━━━━━ Data provided

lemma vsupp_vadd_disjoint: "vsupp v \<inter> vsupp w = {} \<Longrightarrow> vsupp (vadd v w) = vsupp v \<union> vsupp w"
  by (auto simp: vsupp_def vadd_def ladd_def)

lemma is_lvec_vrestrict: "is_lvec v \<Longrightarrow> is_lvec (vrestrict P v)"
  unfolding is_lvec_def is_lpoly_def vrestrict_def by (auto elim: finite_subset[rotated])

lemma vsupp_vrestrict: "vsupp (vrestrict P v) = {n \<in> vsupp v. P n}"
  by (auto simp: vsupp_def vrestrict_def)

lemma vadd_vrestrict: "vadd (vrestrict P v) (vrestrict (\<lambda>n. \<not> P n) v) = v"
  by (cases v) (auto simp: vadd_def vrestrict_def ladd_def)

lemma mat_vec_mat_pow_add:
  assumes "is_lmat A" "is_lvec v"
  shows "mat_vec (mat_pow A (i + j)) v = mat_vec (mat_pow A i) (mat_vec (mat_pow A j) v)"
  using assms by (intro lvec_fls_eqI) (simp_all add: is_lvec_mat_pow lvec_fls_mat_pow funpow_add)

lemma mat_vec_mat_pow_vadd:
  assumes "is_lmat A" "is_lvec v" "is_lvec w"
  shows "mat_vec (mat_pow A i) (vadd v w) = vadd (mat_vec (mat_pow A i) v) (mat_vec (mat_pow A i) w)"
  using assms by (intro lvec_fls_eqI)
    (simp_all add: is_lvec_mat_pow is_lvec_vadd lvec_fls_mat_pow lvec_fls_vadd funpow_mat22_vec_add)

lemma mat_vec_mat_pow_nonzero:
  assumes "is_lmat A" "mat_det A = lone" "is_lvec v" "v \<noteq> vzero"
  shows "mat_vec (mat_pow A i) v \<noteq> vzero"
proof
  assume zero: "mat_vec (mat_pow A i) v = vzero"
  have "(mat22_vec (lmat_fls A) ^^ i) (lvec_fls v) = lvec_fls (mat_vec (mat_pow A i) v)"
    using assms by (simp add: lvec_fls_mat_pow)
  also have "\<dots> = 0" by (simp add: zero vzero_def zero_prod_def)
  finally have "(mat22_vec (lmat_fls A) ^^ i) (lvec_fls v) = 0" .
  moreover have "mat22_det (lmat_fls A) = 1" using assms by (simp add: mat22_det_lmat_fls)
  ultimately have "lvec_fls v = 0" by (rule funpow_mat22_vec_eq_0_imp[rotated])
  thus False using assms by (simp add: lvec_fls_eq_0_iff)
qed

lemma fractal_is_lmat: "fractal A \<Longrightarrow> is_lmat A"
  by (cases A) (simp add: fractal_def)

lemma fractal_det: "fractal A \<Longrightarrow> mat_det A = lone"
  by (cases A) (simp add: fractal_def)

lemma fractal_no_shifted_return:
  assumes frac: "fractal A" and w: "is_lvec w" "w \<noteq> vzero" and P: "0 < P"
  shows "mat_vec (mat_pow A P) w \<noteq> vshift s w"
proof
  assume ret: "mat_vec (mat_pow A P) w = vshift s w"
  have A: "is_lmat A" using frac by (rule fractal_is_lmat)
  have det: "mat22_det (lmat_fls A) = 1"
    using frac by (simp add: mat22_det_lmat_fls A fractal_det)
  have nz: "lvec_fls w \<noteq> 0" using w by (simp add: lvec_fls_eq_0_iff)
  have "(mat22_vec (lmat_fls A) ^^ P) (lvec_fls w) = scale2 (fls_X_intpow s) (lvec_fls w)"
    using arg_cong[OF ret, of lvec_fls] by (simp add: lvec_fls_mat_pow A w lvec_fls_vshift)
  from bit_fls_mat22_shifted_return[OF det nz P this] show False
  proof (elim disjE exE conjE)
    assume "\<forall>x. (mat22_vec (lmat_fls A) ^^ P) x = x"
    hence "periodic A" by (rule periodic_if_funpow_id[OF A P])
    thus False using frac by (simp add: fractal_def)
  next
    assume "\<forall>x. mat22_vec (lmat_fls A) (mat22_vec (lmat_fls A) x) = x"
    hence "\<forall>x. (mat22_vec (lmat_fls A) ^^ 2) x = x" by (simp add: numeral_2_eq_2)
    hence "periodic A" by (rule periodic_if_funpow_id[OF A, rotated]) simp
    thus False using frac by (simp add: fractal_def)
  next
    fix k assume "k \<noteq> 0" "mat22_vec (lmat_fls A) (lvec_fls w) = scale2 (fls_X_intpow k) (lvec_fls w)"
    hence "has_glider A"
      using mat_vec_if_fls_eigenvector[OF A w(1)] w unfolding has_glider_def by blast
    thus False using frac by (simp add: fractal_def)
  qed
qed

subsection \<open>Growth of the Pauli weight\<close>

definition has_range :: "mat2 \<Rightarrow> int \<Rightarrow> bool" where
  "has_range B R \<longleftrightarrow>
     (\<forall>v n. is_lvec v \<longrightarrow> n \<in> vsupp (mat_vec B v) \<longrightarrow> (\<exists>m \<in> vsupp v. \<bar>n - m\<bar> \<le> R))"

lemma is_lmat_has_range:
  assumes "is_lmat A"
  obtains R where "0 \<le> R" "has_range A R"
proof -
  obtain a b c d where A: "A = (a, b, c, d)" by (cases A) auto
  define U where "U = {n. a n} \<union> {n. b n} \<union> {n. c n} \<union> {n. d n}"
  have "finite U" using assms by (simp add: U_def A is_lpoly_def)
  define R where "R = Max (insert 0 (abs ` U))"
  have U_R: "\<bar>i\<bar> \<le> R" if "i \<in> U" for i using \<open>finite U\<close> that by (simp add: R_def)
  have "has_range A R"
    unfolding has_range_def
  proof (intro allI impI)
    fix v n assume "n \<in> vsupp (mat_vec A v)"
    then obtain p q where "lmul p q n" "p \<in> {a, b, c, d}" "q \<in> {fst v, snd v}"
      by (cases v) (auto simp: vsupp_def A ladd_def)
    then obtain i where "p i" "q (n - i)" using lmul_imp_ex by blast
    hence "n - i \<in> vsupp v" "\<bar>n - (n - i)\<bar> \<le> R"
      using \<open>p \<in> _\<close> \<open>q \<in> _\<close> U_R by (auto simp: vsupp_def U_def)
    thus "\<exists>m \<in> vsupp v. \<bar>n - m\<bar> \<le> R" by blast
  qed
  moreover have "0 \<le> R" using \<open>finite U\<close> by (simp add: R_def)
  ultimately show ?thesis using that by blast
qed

━━━━━━━━━━
━━━━━ Data provided

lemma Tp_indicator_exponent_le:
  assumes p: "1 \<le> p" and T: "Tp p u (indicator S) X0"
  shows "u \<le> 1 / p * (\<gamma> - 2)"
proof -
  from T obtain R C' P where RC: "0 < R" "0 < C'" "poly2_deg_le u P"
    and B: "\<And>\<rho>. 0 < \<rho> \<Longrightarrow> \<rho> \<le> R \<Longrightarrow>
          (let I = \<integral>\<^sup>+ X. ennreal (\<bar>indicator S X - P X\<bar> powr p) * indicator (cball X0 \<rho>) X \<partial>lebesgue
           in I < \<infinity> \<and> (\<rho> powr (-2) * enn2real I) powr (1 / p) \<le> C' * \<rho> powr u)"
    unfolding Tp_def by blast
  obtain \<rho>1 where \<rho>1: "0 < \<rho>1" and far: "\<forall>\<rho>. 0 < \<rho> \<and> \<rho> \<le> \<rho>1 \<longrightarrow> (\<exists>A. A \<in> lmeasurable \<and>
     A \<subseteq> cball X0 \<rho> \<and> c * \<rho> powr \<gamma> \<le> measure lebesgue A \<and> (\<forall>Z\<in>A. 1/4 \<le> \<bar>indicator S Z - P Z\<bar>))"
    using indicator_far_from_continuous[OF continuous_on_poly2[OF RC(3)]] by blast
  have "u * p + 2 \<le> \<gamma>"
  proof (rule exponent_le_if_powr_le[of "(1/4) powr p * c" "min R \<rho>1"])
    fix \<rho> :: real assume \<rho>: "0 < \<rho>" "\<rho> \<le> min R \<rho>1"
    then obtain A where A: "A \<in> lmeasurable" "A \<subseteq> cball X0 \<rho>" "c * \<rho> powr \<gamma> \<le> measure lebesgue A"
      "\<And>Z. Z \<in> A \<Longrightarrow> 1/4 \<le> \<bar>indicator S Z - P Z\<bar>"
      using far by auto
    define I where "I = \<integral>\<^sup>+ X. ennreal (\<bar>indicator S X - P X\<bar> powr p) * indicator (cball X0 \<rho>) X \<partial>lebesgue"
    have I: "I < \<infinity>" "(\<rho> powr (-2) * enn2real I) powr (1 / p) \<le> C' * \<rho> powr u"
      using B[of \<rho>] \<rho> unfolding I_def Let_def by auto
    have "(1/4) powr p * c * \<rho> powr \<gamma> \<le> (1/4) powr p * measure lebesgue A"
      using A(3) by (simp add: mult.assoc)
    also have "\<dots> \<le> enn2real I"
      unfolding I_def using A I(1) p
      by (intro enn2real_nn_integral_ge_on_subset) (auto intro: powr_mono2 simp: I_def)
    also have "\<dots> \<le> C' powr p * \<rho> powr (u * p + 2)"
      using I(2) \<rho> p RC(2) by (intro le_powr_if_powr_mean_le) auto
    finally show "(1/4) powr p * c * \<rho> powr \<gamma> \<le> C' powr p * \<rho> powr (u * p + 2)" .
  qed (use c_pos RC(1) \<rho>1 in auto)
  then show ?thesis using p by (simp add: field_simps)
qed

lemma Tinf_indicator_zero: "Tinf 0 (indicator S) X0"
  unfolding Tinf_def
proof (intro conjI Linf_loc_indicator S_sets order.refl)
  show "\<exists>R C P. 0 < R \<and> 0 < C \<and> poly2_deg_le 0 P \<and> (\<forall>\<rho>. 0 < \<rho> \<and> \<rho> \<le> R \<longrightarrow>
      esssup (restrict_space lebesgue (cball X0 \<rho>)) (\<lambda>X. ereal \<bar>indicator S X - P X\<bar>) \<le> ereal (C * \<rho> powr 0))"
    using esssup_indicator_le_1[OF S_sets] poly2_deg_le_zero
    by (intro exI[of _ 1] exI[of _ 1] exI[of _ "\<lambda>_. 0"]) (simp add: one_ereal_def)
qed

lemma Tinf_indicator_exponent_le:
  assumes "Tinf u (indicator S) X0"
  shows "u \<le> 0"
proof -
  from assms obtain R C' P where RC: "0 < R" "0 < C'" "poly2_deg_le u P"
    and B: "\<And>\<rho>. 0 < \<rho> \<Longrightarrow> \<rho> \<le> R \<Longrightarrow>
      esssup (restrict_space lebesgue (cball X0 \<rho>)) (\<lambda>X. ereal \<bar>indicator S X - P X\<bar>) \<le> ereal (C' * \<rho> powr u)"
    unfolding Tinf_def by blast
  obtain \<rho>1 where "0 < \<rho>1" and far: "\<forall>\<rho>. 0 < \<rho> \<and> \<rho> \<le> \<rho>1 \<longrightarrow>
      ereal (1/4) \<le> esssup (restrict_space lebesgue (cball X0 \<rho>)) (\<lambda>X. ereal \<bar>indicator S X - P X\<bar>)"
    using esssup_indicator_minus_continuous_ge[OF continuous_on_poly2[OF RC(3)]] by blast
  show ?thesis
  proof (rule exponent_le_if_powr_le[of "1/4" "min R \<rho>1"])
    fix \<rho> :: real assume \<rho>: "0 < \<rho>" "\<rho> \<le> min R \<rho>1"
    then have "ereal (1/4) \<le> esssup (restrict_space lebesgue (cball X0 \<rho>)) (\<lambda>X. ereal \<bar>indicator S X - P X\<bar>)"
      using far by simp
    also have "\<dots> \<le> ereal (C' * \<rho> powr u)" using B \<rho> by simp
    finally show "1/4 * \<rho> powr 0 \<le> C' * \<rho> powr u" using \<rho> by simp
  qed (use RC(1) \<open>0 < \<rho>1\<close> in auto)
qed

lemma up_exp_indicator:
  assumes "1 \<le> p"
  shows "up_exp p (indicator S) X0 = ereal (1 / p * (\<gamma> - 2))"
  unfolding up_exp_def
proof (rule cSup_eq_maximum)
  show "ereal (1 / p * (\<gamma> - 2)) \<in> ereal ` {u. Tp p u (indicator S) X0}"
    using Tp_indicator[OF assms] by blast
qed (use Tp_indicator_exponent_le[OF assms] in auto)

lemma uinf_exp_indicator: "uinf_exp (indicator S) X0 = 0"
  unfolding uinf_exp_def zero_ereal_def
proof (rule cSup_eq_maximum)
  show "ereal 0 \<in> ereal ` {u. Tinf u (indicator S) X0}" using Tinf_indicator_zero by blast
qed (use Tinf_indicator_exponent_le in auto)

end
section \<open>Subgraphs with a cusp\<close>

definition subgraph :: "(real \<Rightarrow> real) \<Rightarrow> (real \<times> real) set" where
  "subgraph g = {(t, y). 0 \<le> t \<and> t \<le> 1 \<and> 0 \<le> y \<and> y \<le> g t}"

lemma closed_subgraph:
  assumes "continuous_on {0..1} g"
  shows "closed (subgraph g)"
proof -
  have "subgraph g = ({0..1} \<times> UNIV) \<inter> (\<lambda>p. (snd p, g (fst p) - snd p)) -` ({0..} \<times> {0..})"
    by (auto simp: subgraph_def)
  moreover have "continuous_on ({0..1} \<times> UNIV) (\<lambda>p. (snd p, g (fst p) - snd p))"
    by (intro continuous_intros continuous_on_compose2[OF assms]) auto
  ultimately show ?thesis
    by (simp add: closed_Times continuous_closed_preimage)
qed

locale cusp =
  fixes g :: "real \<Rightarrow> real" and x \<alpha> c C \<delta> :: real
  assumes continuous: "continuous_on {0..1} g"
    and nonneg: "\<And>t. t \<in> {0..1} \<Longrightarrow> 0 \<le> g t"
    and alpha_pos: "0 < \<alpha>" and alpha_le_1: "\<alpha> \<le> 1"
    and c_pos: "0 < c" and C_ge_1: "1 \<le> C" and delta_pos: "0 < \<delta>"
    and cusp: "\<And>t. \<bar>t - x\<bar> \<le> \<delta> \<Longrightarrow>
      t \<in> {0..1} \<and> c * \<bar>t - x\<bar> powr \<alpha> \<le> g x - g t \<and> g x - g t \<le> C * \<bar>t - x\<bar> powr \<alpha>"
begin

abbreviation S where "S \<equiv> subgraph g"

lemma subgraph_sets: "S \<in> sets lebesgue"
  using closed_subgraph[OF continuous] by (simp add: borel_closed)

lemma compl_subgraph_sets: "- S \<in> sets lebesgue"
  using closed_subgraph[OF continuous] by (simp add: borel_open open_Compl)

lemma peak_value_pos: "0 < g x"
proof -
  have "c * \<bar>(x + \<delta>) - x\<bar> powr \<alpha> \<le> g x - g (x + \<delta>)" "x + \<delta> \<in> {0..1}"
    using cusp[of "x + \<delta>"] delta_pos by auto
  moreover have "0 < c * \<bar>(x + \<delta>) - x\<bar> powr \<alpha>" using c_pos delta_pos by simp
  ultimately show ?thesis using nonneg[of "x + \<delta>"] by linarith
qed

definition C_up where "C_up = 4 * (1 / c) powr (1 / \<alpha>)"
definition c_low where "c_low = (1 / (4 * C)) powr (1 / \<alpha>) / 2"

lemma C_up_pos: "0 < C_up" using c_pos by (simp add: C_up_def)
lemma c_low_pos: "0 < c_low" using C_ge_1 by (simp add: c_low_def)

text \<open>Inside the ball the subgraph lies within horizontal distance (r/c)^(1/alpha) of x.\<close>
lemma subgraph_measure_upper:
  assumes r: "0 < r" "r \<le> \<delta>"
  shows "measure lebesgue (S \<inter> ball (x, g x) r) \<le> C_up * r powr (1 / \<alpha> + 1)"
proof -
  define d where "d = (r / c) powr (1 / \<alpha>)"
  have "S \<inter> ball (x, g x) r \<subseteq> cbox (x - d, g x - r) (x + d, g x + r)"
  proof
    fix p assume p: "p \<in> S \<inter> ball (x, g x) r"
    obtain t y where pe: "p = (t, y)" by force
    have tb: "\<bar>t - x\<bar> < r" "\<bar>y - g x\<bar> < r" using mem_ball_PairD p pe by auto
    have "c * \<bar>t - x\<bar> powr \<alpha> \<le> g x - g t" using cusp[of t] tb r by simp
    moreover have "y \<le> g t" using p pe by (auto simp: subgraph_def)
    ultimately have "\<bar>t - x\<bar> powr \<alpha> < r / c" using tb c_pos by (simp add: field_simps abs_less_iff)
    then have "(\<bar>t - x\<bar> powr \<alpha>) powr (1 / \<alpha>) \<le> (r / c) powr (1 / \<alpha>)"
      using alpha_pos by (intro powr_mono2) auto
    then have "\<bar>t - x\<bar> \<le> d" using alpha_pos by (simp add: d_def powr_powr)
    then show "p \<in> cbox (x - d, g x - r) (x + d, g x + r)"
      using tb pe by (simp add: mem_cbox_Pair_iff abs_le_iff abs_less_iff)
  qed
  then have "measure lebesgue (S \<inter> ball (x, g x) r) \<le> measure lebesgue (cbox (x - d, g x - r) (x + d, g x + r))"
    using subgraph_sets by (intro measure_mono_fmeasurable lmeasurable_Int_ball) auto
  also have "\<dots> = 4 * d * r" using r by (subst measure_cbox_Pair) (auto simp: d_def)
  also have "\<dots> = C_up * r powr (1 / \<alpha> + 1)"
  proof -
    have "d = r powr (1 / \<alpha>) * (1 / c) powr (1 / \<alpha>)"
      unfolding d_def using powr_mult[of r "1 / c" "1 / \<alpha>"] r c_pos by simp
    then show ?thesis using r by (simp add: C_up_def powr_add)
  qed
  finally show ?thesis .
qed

━━━━━━━━━━
━━━━━ Data provided

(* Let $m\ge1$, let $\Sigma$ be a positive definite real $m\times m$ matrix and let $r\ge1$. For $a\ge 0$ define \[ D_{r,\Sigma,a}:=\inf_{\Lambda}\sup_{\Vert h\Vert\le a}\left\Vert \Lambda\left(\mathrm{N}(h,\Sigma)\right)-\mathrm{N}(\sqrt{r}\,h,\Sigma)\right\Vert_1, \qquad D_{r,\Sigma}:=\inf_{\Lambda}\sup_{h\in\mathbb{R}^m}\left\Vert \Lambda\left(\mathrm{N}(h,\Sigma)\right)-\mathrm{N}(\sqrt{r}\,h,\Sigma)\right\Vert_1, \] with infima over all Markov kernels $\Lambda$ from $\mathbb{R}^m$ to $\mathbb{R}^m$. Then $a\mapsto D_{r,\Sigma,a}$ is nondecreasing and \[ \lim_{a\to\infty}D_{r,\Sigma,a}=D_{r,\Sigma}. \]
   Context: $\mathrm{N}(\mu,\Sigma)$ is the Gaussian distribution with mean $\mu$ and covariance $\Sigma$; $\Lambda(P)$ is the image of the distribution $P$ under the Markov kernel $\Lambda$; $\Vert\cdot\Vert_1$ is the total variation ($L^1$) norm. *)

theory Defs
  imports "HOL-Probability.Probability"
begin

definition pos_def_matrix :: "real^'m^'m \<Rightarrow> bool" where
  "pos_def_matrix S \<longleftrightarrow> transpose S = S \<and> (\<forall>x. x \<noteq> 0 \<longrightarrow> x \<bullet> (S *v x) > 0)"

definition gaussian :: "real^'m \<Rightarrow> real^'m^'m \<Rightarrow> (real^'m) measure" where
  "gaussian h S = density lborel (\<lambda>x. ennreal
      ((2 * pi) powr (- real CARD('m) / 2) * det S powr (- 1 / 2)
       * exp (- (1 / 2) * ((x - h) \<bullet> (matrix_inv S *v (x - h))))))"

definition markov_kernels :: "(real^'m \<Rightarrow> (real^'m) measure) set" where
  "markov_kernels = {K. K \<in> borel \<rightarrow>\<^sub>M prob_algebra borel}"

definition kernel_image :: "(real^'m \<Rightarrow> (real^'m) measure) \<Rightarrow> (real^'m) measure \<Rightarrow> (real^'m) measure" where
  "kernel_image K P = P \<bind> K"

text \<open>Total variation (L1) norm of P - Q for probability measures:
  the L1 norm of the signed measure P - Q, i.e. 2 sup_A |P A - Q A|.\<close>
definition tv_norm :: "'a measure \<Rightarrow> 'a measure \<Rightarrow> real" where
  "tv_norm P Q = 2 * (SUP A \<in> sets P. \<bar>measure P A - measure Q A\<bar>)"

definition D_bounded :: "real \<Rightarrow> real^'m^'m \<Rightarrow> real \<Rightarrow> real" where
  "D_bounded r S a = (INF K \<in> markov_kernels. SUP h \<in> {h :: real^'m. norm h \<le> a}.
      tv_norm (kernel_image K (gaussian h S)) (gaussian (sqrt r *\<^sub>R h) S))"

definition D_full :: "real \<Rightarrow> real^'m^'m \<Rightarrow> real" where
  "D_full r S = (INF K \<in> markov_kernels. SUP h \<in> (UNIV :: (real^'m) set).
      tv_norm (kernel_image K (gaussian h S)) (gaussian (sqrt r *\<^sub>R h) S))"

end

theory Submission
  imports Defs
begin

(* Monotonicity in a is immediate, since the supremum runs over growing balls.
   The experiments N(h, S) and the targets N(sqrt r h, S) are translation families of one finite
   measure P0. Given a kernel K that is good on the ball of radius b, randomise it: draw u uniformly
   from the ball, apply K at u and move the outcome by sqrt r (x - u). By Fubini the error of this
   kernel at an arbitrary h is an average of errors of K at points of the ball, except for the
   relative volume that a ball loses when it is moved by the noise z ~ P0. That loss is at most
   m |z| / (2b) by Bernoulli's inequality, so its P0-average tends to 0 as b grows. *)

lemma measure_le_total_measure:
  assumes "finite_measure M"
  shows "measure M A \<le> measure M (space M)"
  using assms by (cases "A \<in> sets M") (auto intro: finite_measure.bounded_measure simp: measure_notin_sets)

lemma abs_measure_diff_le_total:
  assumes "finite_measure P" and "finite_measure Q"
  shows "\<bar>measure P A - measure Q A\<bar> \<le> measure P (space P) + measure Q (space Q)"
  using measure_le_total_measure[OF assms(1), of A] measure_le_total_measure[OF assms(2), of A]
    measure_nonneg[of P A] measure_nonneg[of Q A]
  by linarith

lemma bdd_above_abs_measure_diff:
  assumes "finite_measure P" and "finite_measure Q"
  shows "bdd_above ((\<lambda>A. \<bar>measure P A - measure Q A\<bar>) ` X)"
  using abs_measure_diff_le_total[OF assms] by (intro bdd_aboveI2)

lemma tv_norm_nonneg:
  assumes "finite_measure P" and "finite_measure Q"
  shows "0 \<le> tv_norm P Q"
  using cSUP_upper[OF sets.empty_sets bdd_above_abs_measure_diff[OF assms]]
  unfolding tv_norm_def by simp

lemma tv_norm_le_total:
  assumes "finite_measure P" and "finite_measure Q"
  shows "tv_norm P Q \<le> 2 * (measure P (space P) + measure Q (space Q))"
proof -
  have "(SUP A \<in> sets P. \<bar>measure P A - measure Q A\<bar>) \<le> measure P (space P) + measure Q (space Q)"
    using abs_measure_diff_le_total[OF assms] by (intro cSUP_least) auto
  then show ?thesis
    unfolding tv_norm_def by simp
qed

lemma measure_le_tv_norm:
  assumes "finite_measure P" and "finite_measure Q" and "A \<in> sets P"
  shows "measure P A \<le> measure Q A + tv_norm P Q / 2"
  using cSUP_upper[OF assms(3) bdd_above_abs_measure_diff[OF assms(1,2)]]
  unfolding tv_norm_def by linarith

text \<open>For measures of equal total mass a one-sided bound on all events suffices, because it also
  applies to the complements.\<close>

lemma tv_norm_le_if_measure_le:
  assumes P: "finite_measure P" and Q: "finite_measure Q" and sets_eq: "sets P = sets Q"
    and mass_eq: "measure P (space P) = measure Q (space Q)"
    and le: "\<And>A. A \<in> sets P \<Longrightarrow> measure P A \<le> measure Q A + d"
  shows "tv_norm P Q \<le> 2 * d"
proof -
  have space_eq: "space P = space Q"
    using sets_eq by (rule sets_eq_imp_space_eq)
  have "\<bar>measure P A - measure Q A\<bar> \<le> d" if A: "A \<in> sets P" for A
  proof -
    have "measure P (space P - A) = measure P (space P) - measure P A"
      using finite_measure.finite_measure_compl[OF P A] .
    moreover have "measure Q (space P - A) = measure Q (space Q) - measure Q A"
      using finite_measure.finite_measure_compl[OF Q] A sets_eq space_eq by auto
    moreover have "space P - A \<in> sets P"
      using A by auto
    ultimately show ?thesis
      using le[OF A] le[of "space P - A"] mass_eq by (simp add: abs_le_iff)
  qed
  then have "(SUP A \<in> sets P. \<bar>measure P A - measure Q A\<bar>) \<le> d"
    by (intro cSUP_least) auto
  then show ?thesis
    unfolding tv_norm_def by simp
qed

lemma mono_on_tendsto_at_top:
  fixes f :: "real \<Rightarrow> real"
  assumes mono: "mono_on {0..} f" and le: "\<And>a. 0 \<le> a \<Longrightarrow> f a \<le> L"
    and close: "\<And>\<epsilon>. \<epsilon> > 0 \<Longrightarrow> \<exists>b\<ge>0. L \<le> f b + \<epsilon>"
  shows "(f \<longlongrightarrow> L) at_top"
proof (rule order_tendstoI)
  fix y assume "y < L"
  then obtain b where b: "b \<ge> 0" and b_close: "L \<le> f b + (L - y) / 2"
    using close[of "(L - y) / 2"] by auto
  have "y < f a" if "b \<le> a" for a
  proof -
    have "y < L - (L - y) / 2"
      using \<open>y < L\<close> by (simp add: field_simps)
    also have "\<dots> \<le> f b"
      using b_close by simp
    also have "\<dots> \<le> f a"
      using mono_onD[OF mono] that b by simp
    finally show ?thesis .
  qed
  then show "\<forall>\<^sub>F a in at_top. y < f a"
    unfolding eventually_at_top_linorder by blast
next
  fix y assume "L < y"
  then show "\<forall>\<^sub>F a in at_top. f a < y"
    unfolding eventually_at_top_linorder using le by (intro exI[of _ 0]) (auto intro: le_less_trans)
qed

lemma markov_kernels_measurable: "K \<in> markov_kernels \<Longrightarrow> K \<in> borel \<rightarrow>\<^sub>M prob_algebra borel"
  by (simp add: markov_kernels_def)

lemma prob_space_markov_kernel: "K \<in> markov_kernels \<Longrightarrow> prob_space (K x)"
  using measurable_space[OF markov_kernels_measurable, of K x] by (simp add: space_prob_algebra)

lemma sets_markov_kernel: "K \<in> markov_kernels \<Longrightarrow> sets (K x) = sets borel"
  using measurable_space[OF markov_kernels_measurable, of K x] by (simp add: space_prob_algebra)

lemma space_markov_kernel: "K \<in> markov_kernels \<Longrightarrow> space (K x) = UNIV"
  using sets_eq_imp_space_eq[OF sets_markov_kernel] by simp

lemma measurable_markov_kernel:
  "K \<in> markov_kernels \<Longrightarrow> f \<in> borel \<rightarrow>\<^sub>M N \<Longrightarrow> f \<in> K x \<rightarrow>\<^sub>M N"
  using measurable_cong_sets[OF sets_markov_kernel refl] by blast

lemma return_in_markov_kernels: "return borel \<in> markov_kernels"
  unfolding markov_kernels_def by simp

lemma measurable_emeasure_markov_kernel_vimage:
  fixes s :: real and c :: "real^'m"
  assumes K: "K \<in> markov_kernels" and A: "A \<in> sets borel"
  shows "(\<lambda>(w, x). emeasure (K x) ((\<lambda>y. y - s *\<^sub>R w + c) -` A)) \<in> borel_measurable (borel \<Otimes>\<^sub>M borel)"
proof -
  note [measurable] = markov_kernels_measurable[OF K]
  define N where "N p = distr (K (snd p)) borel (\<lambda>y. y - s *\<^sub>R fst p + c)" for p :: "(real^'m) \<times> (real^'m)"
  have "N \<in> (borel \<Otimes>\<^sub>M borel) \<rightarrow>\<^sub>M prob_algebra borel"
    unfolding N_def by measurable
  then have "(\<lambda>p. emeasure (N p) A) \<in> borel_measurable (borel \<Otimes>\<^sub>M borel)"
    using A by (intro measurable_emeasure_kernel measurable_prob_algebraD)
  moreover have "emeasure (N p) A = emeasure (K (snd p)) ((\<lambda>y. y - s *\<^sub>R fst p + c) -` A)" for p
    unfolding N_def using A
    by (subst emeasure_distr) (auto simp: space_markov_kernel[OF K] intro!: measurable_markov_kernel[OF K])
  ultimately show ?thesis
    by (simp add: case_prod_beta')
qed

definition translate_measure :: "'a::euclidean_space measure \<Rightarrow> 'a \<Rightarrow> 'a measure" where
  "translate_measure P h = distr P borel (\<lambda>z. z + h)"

━━━━━━━━━━

Problem statement: Among the lines above, find those that contain the word "elim" and copy them.

Solution for this task:
  unfolding is_lvec_def is_lpoly_def vrestrict_def by (auto elim: finite_subset[rotated])
  proof (elim disjE exE conjE)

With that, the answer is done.